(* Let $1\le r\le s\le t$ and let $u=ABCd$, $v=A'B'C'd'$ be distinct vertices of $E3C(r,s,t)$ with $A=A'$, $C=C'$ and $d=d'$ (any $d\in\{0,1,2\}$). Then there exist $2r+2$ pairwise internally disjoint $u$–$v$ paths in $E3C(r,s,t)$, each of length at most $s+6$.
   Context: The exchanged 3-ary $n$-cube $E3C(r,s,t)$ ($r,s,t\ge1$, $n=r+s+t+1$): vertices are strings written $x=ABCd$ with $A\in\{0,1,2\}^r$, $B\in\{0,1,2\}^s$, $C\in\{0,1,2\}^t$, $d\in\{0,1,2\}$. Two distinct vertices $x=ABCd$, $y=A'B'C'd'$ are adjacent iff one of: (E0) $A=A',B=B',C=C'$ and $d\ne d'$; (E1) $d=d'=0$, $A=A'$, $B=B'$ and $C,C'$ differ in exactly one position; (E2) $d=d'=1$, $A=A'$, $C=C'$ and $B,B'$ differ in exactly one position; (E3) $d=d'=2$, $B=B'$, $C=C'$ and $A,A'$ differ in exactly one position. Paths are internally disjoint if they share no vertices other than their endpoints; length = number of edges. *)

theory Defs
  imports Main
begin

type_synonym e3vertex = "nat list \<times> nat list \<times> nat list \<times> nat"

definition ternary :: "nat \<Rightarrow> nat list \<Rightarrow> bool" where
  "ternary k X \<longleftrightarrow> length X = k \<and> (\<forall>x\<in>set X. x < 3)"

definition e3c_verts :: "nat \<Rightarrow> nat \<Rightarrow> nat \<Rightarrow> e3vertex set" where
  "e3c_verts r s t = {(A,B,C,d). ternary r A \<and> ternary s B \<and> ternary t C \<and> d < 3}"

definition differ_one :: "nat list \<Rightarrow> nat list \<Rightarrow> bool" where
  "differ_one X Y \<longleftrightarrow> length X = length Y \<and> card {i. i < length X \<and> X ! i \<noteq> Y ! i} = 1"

--

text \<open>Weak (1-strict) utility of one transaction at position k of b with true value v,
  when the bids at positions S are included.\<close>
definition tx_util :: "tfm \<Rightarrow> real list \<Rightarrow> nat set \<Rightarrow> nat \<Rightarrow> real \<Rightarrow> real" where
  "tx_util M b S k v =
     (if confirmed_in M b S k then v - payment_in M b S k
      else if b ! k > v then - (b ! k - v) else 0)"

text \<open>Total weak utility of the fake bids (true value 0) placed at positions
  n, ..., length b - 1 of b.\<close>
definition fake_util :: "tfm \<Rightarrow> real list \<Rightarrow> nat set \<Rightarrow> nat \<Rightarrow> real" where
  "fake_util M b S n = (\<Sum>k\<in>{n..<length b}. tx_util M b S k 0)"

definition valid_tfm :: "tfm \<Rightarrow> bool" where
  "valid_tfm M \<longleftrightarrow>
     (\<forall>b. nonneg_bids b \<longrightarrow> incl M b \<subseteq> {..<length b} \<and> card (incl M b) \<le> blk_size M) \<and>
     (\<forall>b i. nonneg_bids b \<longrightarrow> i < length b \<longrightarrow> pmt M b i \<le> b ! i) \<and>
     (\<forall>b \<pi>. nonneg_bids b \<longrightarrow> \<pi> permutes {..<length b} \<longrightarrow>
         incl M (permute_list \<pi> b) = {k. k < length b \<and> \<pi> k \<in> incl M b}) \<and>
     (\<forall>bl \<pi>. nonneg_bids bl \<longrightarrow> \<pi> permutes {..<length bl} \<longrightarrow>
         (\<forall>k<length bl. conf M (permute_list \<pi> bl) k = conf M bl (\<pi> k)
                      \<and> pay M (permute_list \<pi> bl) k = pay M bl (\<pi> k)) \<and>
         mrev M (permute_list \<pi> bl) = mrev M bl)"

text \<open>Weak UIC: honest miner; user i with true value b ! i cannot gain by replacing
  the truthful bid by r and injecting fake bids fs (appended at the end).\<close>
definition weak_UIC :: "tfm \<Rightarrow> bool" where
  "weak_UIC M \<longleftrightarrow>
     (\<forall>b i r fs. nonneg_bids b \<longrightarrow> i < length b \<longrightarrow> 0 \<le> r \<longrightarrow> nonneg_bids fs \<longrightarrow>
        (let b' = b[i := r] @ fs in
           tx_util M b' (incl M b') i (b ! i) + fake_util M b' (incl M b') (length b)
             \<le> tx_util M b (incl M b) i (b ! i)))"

● **DIRECTIONS**:
Find where the line with "nat \<Rightarrow> real \<Rightarrow>" sits in the material above, then copy exactly from it through the line with "else if b !". Add no other line.

● **ANSWER TO THE PROBLEM**:
definition tx_util :: "tfm \<Rightarrow> real list \<Rightarrow> nat set \<Rightarrow> nat \<Rightarrow> real \<Rightarrow> real" where
  "tx_util M b S k v =
     (if confirmed_in M b S k then v - payment_in M b S k
      else if b ! k > v then - (b ! k - v) else 0)"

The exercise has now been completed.